#### [Directions for this task]
Please print the entries below exactly, from the line with "using assms by (simp add: field_simps)" through the line with "using \<open>0 < \<beta>\<close>", including both of those lines and leaving out all others.

(Beginning of Given records)

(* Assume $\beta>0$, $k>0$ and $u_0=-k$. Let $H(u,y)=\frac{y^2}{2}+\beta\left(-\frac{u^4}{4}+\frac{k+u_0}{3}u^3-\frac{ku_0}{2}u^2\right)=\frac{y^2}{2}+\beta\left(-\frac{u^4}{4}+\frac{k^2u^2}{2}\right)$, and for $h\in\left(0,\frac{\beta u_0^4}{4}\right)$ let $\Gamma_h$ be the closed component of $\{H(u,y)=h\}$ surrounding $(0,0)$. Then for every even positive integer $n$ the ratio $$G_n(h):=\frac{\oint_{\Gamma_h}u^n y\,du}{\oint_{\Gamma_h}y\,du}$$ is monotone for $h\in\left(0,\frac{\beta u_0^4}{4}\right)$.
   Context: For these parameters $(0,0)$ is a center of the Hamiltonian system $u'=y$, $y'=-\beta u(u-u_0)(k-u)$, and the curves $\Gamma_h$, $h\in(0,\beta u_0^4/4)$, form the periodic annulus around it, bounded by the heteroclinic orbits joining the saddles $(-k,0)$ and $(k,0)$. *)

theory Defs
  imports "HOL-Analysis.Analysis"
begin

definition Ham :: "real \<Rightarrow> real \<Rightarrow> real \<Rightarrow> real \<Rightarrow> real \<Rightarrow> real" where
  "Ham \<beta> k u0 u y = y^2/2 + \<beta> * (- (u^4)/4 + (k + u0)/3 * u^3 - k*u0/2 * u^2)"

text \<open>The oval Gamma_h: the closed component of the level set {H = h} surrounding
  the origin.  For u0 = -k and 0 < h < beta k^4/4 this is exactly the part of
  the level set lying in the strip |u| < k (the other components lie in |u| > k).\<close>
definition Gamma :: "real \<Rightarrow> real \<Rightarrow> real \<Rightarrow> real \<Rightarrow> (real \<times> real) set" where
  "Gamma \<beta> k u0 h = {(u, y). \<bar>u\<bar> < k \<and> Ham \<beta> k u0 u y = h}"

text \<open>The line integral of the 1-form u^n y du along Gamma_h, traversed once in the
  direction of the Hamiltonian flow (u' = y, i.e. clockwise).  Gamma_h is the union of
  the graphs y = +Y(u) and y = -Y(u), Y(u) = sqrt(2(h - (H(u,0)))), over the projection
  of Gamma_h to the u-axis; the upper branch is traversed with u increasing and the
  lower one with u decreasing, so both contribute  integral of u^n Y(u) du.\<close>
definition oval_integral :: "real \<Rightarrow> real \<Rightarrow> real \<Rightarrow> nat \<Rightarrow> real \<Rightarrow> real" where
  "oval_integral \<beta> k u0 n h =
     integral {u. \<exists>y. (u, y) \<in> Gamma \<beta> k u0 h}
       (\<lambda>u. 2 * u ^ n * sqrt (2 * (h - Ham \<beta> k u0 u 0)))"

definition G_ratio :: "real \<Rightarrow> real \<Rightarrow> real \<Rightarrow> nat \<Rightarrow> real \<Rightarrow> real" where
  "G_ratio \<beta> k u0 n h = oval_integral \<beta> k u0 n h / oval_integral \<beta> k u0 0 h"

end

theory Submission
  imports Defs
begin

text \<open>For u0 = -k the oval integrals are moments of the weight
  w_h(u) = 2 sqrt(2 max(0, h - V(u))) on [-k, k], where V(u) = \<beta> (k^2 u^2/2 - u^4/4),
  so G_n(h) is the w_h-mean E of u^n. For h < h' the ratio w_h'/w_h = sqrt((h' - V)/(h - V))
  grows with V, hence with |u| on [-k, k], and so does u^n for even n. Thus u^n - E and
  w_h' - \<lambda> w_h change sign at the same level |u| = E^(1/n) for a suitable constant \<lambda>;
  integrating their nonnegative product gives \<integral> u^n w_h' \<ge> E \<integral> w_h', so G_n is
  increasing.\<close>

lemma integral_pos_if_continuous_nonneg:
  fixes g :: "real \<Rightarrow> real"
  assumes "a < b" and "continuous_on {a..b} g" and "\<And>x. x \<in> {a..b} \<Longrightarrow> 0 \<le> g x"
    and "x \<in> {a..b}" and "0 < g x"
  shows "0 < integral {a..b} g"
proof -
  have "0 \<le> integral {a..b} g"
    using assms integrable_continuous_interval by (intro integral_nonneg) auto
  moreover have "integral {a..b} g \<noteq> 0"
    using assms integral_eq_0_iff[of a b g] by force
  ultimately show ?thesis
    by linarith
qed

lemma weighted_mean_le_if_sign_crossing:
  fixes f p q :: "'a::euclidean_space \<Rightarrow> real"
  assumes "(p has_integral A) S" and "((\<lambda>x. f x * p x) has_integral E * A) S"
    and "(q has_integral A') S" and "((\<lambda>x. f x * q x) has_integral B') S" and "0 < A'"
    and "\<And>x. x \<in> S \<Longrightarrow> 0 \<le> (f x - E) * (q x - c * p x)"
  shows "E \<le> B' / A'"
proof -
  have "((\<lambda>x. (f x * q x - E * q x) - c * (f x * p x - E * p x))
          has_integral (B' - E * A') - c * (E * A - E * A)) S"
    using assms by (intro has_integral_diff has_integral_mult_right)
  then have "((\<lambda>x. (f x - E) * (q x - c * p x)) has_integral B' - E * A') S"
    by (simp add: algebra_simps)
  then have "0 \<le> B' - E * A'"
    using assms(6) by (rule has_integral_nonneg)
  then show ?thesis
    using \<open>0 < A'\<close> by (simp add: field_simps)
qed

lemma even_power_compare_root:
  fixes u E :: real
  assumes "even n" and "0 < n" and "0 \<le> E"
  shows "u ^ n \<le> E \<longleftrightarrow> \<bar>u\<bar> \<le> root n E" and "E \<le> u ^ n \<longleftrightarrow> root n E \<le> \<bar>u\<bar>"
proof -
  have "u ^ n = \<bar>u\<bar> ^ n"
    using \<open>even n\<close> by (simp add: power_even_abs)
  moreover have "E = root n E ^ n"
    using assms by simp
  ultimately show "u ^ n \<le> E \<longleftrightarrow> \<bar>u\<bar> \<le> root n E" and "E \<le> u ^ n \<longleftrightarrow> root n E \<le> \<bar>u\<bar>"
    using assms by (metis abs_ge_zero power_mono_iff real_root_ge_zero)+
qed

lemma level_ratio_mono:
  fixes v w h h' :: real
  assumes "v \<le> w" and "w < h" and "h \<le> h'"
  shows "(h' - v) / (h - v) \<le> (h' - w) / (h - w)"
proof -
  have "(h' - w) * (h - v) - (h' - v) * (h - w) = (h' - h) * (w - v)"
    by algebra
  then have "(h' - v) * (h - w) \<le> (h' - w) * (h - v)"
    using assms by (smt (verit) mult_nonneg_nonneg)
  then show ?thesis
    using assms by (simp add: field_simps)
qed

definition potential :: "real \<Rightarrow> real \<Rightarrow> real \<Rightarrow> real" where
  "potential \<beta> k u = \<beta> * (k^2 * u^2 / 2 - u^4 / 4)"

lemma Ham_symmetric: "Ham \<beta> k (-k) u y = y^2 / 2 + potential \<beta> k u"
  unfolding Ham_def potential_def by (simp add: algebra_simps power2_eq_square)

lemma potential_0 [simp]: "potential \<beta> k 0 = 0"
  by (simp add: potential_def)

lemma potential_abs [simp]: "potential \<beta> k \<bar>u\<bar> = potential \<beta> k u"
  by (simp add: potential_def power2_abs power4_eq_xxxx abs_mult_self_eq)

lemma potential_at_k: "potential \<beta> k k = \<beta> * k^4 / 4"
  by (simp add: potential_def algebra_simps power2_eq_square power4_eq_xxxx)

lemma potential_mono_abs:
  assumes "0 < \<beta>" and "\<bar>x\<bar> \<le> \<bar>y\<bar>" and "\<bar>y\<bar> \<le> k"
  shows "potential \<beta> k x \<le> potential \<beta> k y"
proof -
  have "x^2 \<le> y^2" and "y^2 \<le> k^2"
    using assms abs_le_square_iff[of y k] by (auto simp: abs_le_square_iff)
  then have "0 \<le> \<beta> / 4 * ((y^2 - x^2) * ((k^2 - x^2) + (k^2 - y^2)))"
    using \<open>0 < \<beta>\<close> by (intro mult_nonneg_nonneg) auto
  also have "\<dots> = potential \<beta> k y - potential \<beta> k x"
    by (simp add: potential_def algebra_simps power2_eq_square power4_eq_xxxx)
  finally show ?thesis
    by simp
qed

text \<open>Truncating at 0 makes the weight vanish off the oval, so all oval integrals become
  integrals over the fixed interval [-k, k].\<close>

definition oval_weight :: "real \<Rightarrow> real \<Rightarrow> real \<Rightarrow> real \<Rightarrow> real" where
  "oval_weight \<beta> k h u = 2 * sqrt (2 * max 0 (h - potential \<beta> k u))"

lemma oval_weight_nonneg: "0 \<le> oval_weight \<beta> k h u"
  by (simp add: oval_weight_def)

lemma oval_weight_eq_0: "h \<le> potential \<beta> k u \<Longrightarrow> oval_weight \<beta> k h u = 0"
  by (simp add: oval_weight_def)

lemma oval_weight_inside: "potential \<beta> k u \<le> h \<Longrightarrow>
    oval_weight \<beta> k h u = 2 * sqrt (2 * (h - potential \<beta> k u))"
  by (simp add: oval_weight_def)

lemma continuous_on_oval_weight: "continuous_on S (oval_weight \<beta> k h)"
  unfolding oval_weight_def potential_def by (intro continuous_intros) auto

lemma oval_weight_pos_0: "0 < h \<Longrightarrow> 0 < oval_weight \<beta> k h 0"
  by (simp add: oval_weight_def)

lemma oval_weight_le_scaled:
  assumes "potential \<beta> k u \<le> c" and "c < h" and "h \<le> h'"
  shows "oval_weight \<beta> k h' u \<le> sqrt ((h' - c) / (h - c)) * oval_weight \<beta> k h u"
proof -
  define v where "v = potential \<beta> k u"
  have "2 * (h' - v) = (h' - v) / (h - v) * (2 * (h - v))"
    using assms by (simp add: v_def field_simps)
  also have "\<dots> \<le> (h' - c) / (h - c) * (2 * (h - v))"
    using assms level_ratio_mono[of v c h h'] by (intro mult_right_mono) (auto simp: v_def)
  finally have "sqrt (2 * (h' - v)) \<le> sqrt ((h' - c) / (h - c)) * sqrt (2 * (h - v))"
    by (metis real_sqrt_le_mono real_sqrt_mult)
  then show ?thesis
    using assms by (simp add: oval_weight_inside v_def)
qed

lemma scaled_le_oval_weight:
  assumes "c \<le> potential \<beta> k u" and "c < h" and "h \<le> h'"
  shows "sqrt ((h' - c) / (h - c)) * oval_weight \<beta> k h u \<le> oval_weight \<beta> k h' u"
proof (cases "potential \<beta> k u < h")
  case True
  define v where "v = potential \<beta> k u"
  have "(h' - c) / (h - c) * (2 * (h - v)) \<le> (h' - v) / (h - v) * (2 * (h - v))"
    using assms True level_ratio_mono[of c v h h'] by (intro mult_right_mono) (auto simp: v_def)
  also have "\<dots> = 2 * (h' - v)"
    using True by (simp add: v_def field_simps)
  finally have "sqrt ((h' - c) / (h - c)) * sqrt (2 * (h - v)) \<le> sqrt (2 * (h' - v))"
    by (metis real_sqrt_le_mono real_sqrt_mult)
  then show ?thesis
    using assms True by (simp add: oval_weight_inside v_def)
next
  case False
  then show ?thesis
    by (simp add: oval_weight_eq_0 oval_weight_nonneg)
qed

(End of Given records)
(Beginning of Given records)

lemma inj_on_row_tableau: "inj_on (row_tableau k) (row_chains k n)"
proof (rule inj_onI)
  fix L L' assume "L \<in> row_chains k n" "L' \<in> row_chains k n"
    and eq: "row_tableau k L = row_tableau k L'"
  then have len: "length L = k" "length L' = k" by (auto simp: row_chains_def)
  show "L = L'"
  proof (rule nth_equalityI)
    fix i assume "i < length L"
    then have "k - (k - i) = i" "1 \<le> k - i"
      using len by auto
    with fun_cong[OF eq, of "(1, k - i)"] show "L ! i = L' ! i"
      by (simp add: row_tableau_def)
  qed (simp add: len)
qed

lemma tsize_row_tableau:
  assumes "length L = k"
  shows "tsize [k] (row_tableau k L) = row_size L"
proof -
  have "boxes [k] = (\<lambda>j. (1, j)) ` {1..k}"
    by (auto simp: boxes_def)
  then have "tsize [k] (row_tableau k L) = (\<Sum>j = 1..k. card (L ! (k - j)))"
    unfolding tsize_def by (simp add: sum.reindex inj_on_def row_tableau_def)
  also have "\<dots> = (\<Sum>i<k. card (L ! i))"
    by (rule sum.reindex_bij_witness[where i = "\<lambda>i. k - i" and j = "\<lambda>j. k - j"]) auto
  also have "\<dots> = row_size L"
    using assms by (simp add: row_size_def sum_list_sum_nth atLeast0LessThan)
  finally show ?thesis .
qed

(End of Given records)

#### [Solution for this problem]
    using assms by (simp add: field_simps)
qed

definition potential :: "real \<Rightarrow> real \<Rightarrow> real \<Rightarrow> real" where
  "potential \<beta> k u = \<beta> * (k^2 * u^2 / 2 - u^4 / 4)"

lemma Ham_symmetric: "Ham \<beta> k (-k) u y = y^2 / 2 + potential \<beta> k u"
  unfolding Ham_def potential_def by (simp add: algebra_simps power2_eq_square)

lemma potential_0 [simp]: "potential \<beta> k 0 = 0"
  by (simp add: potential_def)

lemma potential_abs [simp]: "potential \<beta> k \<bar>u\<bar> = potential \<beta> k u"
  by (simp add: potential_def power2_abs power4_eq_xxxx abs_mult_self_eq)

lemma potential_at_k: "potential \<beta> k k = \<beta> * k^4 / 4"
  by (simp add: potential_def algebra_simps power2_eq_square power4_eq_xxxx)

lemma potential_mono_abs:
  assumes "0 < \<beta>" and "\<bar>x\<bar> \<le> \<bar>y\<bar>" and "\<bar>y\<bar> \<le> k"
  shows "potential \<beta> k x \<le> potential \<beta> k y"
proof -
  have "x^2 \<le> y^2" and "y^2 \<le> k^2"
    using assms abs_le_square_iff[of y k] by (auto simp: abs_le_square_iff)
  then have "0 \<le> \<beta> / 4 * ((y^2 - x^2) * ((k^2 - x^2) + (k^2 - y^2)))"
    using \<open>0 < \<beta>\<close> by (intro mult_nonneg_nonneg) auto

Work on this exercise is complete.